Australia’s supplement industry is thriving — and many brands are expanding beyond domestic borders to tap into fast-growing markets in Asia, Europe, and North America.

However, despite the global demand for “Made in Australia” quality, exporting supplements is far from straightforward.
Every country defines, regulates, and approves dietary supplements differently — and those differences can create costly delays or rejections if not managed carefully.

Below are the Top 5 legal barriers every exporter should understand — plus a quick comparison of how major markets differ.

1. Different Legal Definitions

Not every country recognizes “supplement” as a legal product category.
In some regions, your formula may be treated as a food, in others as a drug, and in some cases, as a traditional medicine — each with unique registration rules.

2. Ingredient Restrictions

An ingredient allowed by the Therapeutic Goods Administration (TGA) in Australia may be banned or limited elsewhere.

For example, herbal extracts, vitamins, and certain amino acids often face dosage caps or outright prohibition in the EU or China.

3. Health Claims & Labelling Rules

What you say on the label matters.

Regulators are strict about health or therapeutic claims, and each region has different claim categories (e.g., “structure/function” vs. “disease prevention”).
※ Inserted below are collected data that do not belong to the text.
(* Let $p \in (0,\frac{1}{2})$ be a constant. No (possibly randomized) sorting algorithm can achieve, on a random instance with $n$ elements, an expected total dislocation of $o(n)$.
   Context: Setting: the elements are $S=\{1,\dots,n\}$ with the natural order. A random instance consists of an input permutation of $S$ chosen uniformly at random together with comparison outcomes: for each pair $i<j$ independently, the comparison reports the wrong order with probability exactly $p$ and the correct order otherwise; outcomes are persistent (repeated comparisons of the same pair return the same outcome). The algorithm accesses elements only via these comparisons and outputs a permutation of $S$. The dislocation of an element is the absolute difference between its position in the output and its true rank; the total dislocation is the sum over all elements. *)

theory Defs
  imports "HOL-Probability.Probability" "HOL-Combinatorics.Permutations" "HOL-Library.Landau_Symbols"
begin

text \<open>Elements are identified with their true ranks 0..n-1 (the shift from 1..n is
irrelevant for dislocations). Positions in the input are 0..n-1.
An input permutation \<sigma> maps input position a to the element stored there.
A set F of pairs (i,j), i<j<n, of elements lists the comparisons that report the wrong order.\<close>

definition pairs :: "nat \<Rightarrow> (nat \<times> nat) set" where
  "pairs n = {(i, j). i < j \<and> j < n}"

text \<open>Observed (persistent) comparison outcomes, indexed by input positions:
obs n \<sigma> F a b holds iff the comparison reports the element at position a as smaller
than the element at position b.\<close>
definition obs :: "nat \<Rightarrow> (nat \<Rightarrow> nat) \<Rightarrow> (nat \<times> nat) set \<Rightarrow> nat \<Rightarrow> nat \<Rightarrow> bool" where
  "obs n \<sigma> F a b \<longleftrightarrow> a < n \<and> b < n \<and> a \<noteq> b \<and>
     ((\<sigma> a < \<sigma> b) \<noteq> ((min (\<sigma> a) (\<sigma> b), max (\<sigma> a) (\<sigma> b)) \<in> F))"

definition err_prob :: "real \<Rightarrow> nat \<Rightarrow> (nat \<times> nat) set \<Rightarrow> real" where
  "err_prob p n F = p ^ card F * (1 - p) ^ (card (pairs n) - card F)"

text \<open>Total dislocation: the output \<pi> maps input position a to its output position;
the element at a is \<sigma> a, whose true rank is \<sigma> a.\<close>
definition total_disl :: "nat \<Rightarrow> (nat \<Rightarrow> nat) \<Rightarrow> (nat \<Rightarrow> nat) \<Rightarrow> real" where
  "total_disl n \<sigma> \<pi> = (\<Sum>a<n. \<bar>real (\<pi> a) - real (\<sigma> a)\<bar>)"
Even the placement of text or translation accuracy can lead to compliance failure.

4. Product Registration & Local Representation

Some markets, like China and the Middle East, require local registration before importation.
Others, like the US, operate on a notification model, where the company bears responsibility for compliance without pre-approval.

Having a local legal representative or distributor is often mandatory.

5. Import Documentation & Customs

Documentation mismatches — such as incorrect HS codes or missing certificates (e.g., GMP, Free Sale Certificates, or COA) — can delay customs clearance or cause shipment rejection.

Region Regulatory Authority Product Classification Pre-market Approval Health Claim Control Key Challenge
Australia TGA Complementary Medicine Yes (ARTG listing) Strict (evidence-based) High compliance costs
USA FDA Dietary Supplement (Food) No (self-responsibility) Moderate Post-market liability
EU EFSA Food Supplement No (but ingredient limits) Very strict Ingredient harmonization
China SAMR Health Food Yes (registration required) Strict Long registration timeline
Middle East Varies by country Food / Health Product Often required Moderate Documentation complexity
Key Takeaway

Global expansion is possible — but not without deep regulatory insight.

Partnering with an experienced Australian OEM manufacturer familiar with international standards (TGA, FDA, EFSA, SAMR) can help you navigate these barriers safely and efficiently.

At Austra Pharma, we support our clients with:

• Global-compliant formulations
• Documentation & export certificates
• Label and claim verification
• Regulatory consultation for key markets

Final Note

Regulations evolve every year. Staying compliant isn’t a one-time task — it’s an ongoing strategy.

A proactive legal and regulatory framework ensures your supplement brand grows sustainably and globally.